Identify Z in the sequence of reactions :
$C{H_3}C{H_2}CH = C{H_2}\xrightarrow[{{H_2}{O_2}}]{{HBr}}Y\xrightarrow{{{C_2}{H_5}ONa}}Z$
a.) $C{H_3} - {(C{H_2})_3} - O - C{H_2}C{H_3}$
b.) ${(C{H_3})_2} - CH - O - C{H_2}C{H_3}$
c.) $C{H_3} - {(C{H_2})_4} - O - C{H_3}$
d.) $C{H_3} - C{H_2} - CH(C{H_3}) - O - C{H_2}C{H_3}$

Answer 1

Hint: The hydrogen bromide in the presence of hydrogen peroxide follows anti Markovnikov’s rule to give additional product. This additional product then reacts with sodium salt to give ether. The alkyl bromide attaches with oxygen of the ${C_2}{H_5}ONa$ to give the product.

Complete answer:
We have a but-1-ene substrate. The reagents in the first step are HBr in presence of hydrogen peroxide. This leads to formation of Y which then reacts with sodium salt to give Z product.
The reagents in the first step i.e. the HBr in presence of hydrogen peroxide show additional reaction. This additional reaction follows anti Markovnikov’s rule and thus leads to formation of Y. The reaction can be written as -
$C{H_3}C{H_2}CH = C{H_2}\xrightarrow[{{H_2}{O_2}}]{{HBr}}C{H_3}C{H_2}C{H_2}C{H_2}Br$
Thus, the Y is 1- bromobutane. This then reacts with sodium salt to give product Z. The reaction for this step is-
$C{H_3}C{H_2}C{H_2}C{H_2}Br\xrightarrow{{{C_2}{H_5}ONa}}C{H_3}C{H_2}C{H_2}C{H_2} - O{C_2}{H_5}$

So, the option (a) is the correct answer.

Additional information:
> This reaction is regioselective in nature. The hydrogen peroxide used here is unstable and with a slight of sunlight, it breaks into OH free radicals.
> These OH free radicals form the Bromine free radicals which propagate the reaction.
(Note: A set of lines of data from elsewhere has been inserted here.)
(* Let $G$ be a simplicial group and $c\in C_n(EG)$. (i) For any $0\le k\le n+1$, $P^{n+1}_k(Sc)=e_0\otimes Sc$ if $k=0$, and $P^{n+1}_k(Sc)=(S\otimes1)P^n_{k-1}(c)$ if $k>0$. (ii) $\Delta\,Sc=(S\otimes1)\,\Delta c+e_0\otimes Sc$.
   Context: Chains are normalized, with Alexander–Whitney diagonal $\Delta$. $EG$ is the simplicial set with $p$-simplices $(g_p,[g_{p-1},\dots,g_0])\in G_p\times G_{p-1}\times\dots\times G_0$, faces $\partial_k(g_p,[g_{p-1},\dots,g_0])=(\partial_kg_p,[\partial_{k-1}g_{p-1},\dots,\partial_1g_{p-k+1},(\partial_0g_{p-k})g_{p-k-1},g_{p-k-2},\dots,g_0])$ (for $k=0$: $((\partial_0g_p)g_{p-1},[g_{p-2},\dots,g_0])$; for $k=p$: $(\partial_pg_p,[\partial_{p-1}g_{p-1},\dots,\partial_1g_1])$) and degeneracies $s_k(g_p,[\dots])=(s_kg_p,[s_{k-1}g_{p-1},\dots,s_0g_{p-k},1_{p-k},g_{p-k-1},\dots,g_0])$; $e_0=(1_0,[\,])$. $S\colon EG_p\to EG_{p+1}$, $S(g_p,[g_{p-1},\dots,g_0])=(1_{p+1},[g_p,g_{p-1},\dots,g_0])$, extended linearly to $C(EG)$. $P^n_k\colon C_n\to C_k\otimes C_{n-k}$, $\sigma\mapsto\sigma(0,\dots,k)\otimes\sigma(k,\dots,n)$. *)

theory Defs
  imports "HOL-Algebra.Group"
begin

definition simplicial_group ::
  "(nat \<Rightarrow> 'a monoid) \<Rightarrow> (nat \<Rightarrow> nat \<Rightarrow> 'a \<Rightarrow> 'a) \<Rightarrow> (nat \<Rightarrow> nat \<Rightarrow> 'a \<Rightarrow> 'a) \<Rightarrow> bool" where
  "simplicial_group G d s \<longleftrightarrow>
     (\<forall>p. group (G p)) \<and>
     (\<forall>p k. k \<le> Suc p \<longrightarrow> d (Suc p) k \<in> hom (G (Suc p)) (G p)) \<and>
     (\<forall>p k. k \<le> p \<longrightarrow> s p k \<in> hom (G p) (G (Suc p))) \<and>
     (\<forall>p i j x. x \<in> carrier (G (Suc (Suc p))) \<and> i < j \<and> j \<le> Suc (Suc p) \<longrightarrow>
        d (Suc p) i (d (Suc (Suc p)) j x) = d (Suc p) (j - 1) (d (Suc (Suc p)) i x)) \<and>
     (\<forall>p i j x. x \<in> carrier (G (Suc p)) \<and> i < j \<and> j \<le> Suc p \<longrightarrow>
        d (Suc (Suc p)) i (s (Suc p) j x) = s p (j - 1) (d (Suc p) i x)) \<and>
     (\<forall>q j x. x \<in> carrier (G q) \<and> j \<le> q \<longrightarrow>
        d (Suc q) j (s q j x) = x \<and> d (Suc q) (Suc j) (s q j x) = x) \<and>
     (\<forall>p i j x. x \<in> carrier (G (Suc p)) \<and> Suc j < i \<and> i \<le> Suc (Suc p) \<longrightarrow>
        d (Suc (Suc p)) i (s (Suc p) j x) = s p j (d (Suc p) (i - 1) x)) \<and>
     (\<forall>q i j x. x \<in> carrier (G q) \<and> i \<le> j \<and> j \<le> q \<longrightarrow>
        s (Suc q) i (s q j x) = s (Suc q) (Suc j) (s q i x))"

text \<open>A p-simplex (g_p,[g_{p-1},...,g_0]) of EG is encoded as the list [g_p, g_{p-1}, ..., g_0]
  of length p+1, so that xs ! i = g_{p-i} \<in> G_{p-i}.\<close>

definition EG_simplices :: "(nat \<Rightarrow> 'a monoid) \<Rightarrow> nat \<Rightarrow> 'a list set" where
  "EG_simplices G p = {xs. length xs = Suc p \<and> (\<forall>i\<le>p. xs ! i \<in> carrier (G (p - i)))}"

definition EG_face ::
  "(nat \<Rightarrow> 'a monoid) \<Rightarrow> (nat \<Rightarrow> nat \<Rightarrow> 'a \<Rightarrow> 'a) \<Rightarrow> nat \<Rightarrow> 'a list \<Rightarrow> 'a list" where
  "EG_face G d k xs = (let p = length xs - 1 in
     if k = p then map (\<lambda>i. d (p - i) (k - i) (xs ! i)) [0..<p]
     else map (\<lambda>i. d (p - i) (k - i) (xs ! i)) [0..<k]
          @ [(d (p - k) 0 (xs ! k)) \<otimes>\<^bsub>G (p - k - 1)\<^esub> (xs ! (Suc k))]
          @ drop (Suc (Suc k)) xs)"

definition EG_degen ::
  "(nat \<Rightarrow> 'a monoid) \<Rightarrow> (nat \<Rightarrow> nat \<Rightarrow> 'a \<Rightarrow> 'a) \<Rightarrow> nat \<Rightarrow> 'a list \<Rightarrow> 'a list" where
  "EG_degen G s k xs = (let p = length xs - 1 in
     map (\<lambda>i. s (p - i) (k - i) (xs ! i)) [0..<Suc k] @ [\<one>\<^bsub>G (p - k)\<^esub>] @ drop (Suc k) xs)"

definition EG_degenerate ::
  "(nat \<Rightarrow> 'a monoid) \<Rightarrow> (nat \<Rightarrow> nat \<Rightarrow> 'a \<Rightarrow> 'a) \<Rightarrow> 'a list \<Rightarrow> bool" where
  "EG_degenerate G s \<sigma> \<longleftrightarrow>
     (\<exists>q k y. y \<in> EG_simplices G q \<and> k \<le> q \<and> \<sigma> = EG_degen G s k y)"

text \<open>Normalized chains C_n(EG): finite integer combinations of nondegenerate n-simplices
  (the normalized chain group is free on the nondegenerate simplices; degenerate simplices are 0).\<close>
definition EG_chains ::
  "(nat \<Rightarrow> 'a monoid) \<Rightarrow> (nat \<Rightarrow> nat \<Rightarrow> 'a \<Rightarrow> 'a) \<Rightarrow> nat \<Rightarrow> ('a list \<Rightarrow> int) set" where
  "EG_chains G s n = {c. finite {\<sigma>. c \<sigma> \<noteq> 0} \<and>
     (\<forall>\<sigma>. c \<sigma> \<noteq> 0 \<longrightarrow> \<sigma> \<in> EG_simplices G n \<and> \<not> EG_degenerate G s \<sigma>)}"

definition gen ::
  "(nat \<Rightarrow> 'a monoid) \<Rightarrow> (nat \<Rightarrow> nat \<Rightarrow> 'a \<Rightarrow> 'a) \<Rightarrow> 'a list \<Rightarrow> ('a list \<Rightarrow> int)" where
  "gen G s \<sigma> = (\<lambda>\<tau>. if \<tau> = \<sigma> \<and> \<not> EG_degenerate G s \<sigma> then 1 else 0)"

text \<open>Tensor products of normalized chains: C_k \<otimes> C_m is free on pairs of nondegenerate
  simplices; elements of (\<Oplus>_k C_k \<otimes> C_{n-k}) are integer functions on pairs (the degrees
  are recorded by the lengths of the simplices).\<close>
definition tensor :: "('b \<Rightarrow> int) \<Rightarrow> ('b \<Rightarrow> int) \<Rightarrow> ('b \<times> 'b \<Rightarrow> int)" where
  "tensor x y = (\<lambda>(\<sigma>, \<tau>). x \<sigma> * y \<tau>)"

definition e0 :: "(nat \<Rightarrow> 'a monoid) \<Rightarrow> 'a list" where
  "e0 G = [\<one>\<^bsub>G 0\<^esub>]"

definition S_simp :: "(nat \<Rightarrow> 'a monoid) \<Rightarrow> 'a list \<Rightarrow> 'a list" where
  "S_simp G xs = \<one>\<^bsub>G (length xs)\<^esub> # xs"

definition S_chain ::
  "(nat \<Rightarrow> 'a monoid) \<Rightarrow> (nat \<Rightarrow> nat \<Rightarrow> 'a \<Rightarrow> 'a) \<Rightarrow> ('a list \<Rightarrow> int) \<Rightarrow> ('a list \<Rightarrow> int)" where
  "S_chain G s c = (\<lambda>\<tau>. \<Sum>\<sigma>\<in>{\<sigma>. c \<sigma> \<noteq> 0}. c \<sigma> * gen G s (S_simp G \<sigma>) \<tau>)"

definition S_tensor_id ::
  "(nat \<Rightarrow> 'a monoid) \<Rightarrow> (nat \<Rightarrow> nat \<Rightarrow> 'a \<Rightarrow> 'a) \<Rightarrow> ('a list \<times> 'a list \<Rightarrow> int) \<Rightarrow> ('a list \<times> 'a list \<Rightarrow> int)" where
  "S_tensor_id G s x = (\<lambda>\<rho>. \<Sum>(\<sigma>, \<tau>)\<in>{\<pi>. x \<pi> \<noteq> 0}.
       x (\<sigma>, \<tau>) * tensor (gen G s (S_simp G \<sigma>)) (gen G s \<tau>) \<rho>)"

text \<open>Front face \<sigma>(0,...,k) = \<partial>_{k+1} ... \<partial>_n \<sigma> and back face \<sigma>(k,...,n) = \<partial>_0^k \<sigma>
  of an n-simplex \<sigma>.\<close>
definition front_face ::
  "(nat \<Rightarrow> 'a monoid) \<Rightarrow> (nat \<Rightarrow> nat \<Rightarrow> 'a \<Rightarrow> 'a) \<Rightarrow> nat \<Rightarrow> nat \<Rightarrow> 'a list \<Rightarrow> 'a list" where
  "front_face G d n k = ((\<lambda>xs. EG_face G d (length xs - 1) xs) ^^ (n - k))"

definition back_face ::
  "(nat \<Rightarrow> 'a monoid) \<Rightarrow> (nat \<Rightarrow> nat \<Rightarrow> 'a \<Rightarrow> 'a) \<Rightarrow> nat \<Rightarrow> 'a list \<Rightarrow> 'a list" where
  "back_face G d k = (EG_face G d 0 ^^ k)"

definition P ::
  "(nat \<Rightarrow> 'a monoid) \<Rightarrow> (nat \<Rightarrow> nat \<Rightarrow> 'a \<Rightarrow> 'a) \<Rightarrow> (nat \<Rightarrow> nat \<Rightarrow> 'a \<Rightarrow> 'a)
     \<Rightarrow> nat \<Rightarrow> nat \<Rightarrow> ('a list \<Rightarrow> int) \<Rightarrow> ('a list \<times> 'a list \<Rightarrow> int)" where
  "P G d s n k c = (\<lambda>\<rho>. \<Sum>\<sigma>\<in>{\<sigma>. c \<sigma> \<noteq> 0}.
       c \<sigma> * tensor (gen G s (front_face G d n k \<sigma>)) (gen G s (back_face G d k \<sigma>)) \<rho>)"

definition AW ::
  "(nat \<Rightarrow> 'a monoid) \<Rightarrow> (nat \<Rightarrow> nat \<Rightarrow> 'a \<Rightarrow> 'a) \<Rightarrow> (nat \<Rightarrow> nat \<Rightarrow> 'a \<Rightarrow> 'a)
     \<Rightarrow> nat \<Rightarrow> ('a list \<Rightarrow> int) \<Rightarrow> ('a list \<times> 'a list \<Rightarrow> int)" where
  "AW G d s n c = (\<lambda>\<rho>. \<Sum>k\<le>n. P G d s n k c \<rho>)"

end

theory Submission
  imports Defs
begin

text \<open>All operators involved are linear extensions of maps on simplices, so it suffices to check
  both identities on a generator \<open>\<sigma>\<close>. In \<open>EG\<close> the last face commutes with \<open>S\<close> (faces
  fix \<open>1\<close>) and \<open>\<partial>\<^sub>0 S \<sigma> = \<sigma>\<close>, so \<open>(S\<sigma>)(0..k+1) = S(\<sigma>(0..k))\<close>,
  \<open>(S\<sigma>)(k+1..n+1) = \<sigma>(k..n)\<close> and \<open>(S\<sigma>)(0) = e\<^sub>0\<close>. Summing over \<open>k\<close> gives the
  formula for the Alexander--Whitney diagonal.\<close>

definition lin_ext :: "('b \<Rightarrow> 'c \<Rightarrow> 'r::comm_semiring_0) \<Rightarrow> ('b \<Rightarrow> 'r) \<Rightarrow> 'c \<Rightarrow> 'r" where
  "lin_ext f c = (\<lambda>\<rho>. \<Sum>\<sigma>\<in>{\<sigma>. c \<sigma> \<noteq> 0}. c \<sigma> * f \<sigma> \<rho>)"

lemma lin_ext_eq_sum:
  assumes "finite A" "{\<sigma>. c \<sigma> \<noteq> 0} \<subseteq> A"
  shows "lin_ext f c \<rho> = (\<Sum>\<sigma>\<in>A. c \<sigma> * f \<sigma> \<rho>)"
  unfolding lin_ext_def by (rule sum.mono_neutral_left) (use assms in auto)

lemma lin_ext_cong:
  "(\<And>\<sigma>. c \<sigma> \<noteq> 0 \<Longrightarrow> f \<sigma> = g \<sigma>) \<Longrightarrow> lin_ext f c = lin_ext g c"
  unfolding lin_ext_def by (intro ext sum.cong) auto

lemma support_lin_ext_subset:
  "{\<rho>. lin_ext f c \<rho> \<noteq> 0} \<subseteq> (\<Union>\<sigma>\<in>{\<sigma>. c \<sigma> \<noteq> 0}. {\<rho>. f \<sigma> \<rho> \<noteq> 0})"
proof
  fix \<rho> assume "\<rho> \<in> {\<rho>. lin_ext f c \<rho> \<noteq> 0}"
  then obtain \<sigma> where "c \<sigma> \<noteq> 0" "c \<sigma> * f \<sigma> \<rho> \<noteq> 0"
    unfolding lin_ext_def by (auto elim: sum.not_neutral_contains_not_neutral)
  then show "\<rho> \<in> (\<Union>\<sigma>\<in>{\<sigma>. c \<sigma> \<noteq> 0}. {\<rho>. f \<sigma> \<rho> \<noteq> 0})" by auto
qed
Note: It must be noted that Anti Markovnikov rule says that the incoming group should bind to less substituted carbon atom rather than more substituted one. Markovnikov's rule is opposite to this. According to Markovnikov’s rule, the incoming group should bind to the more substituted carbon atom. If this rule would have followed, then we would have got 2- bromobutane as the product.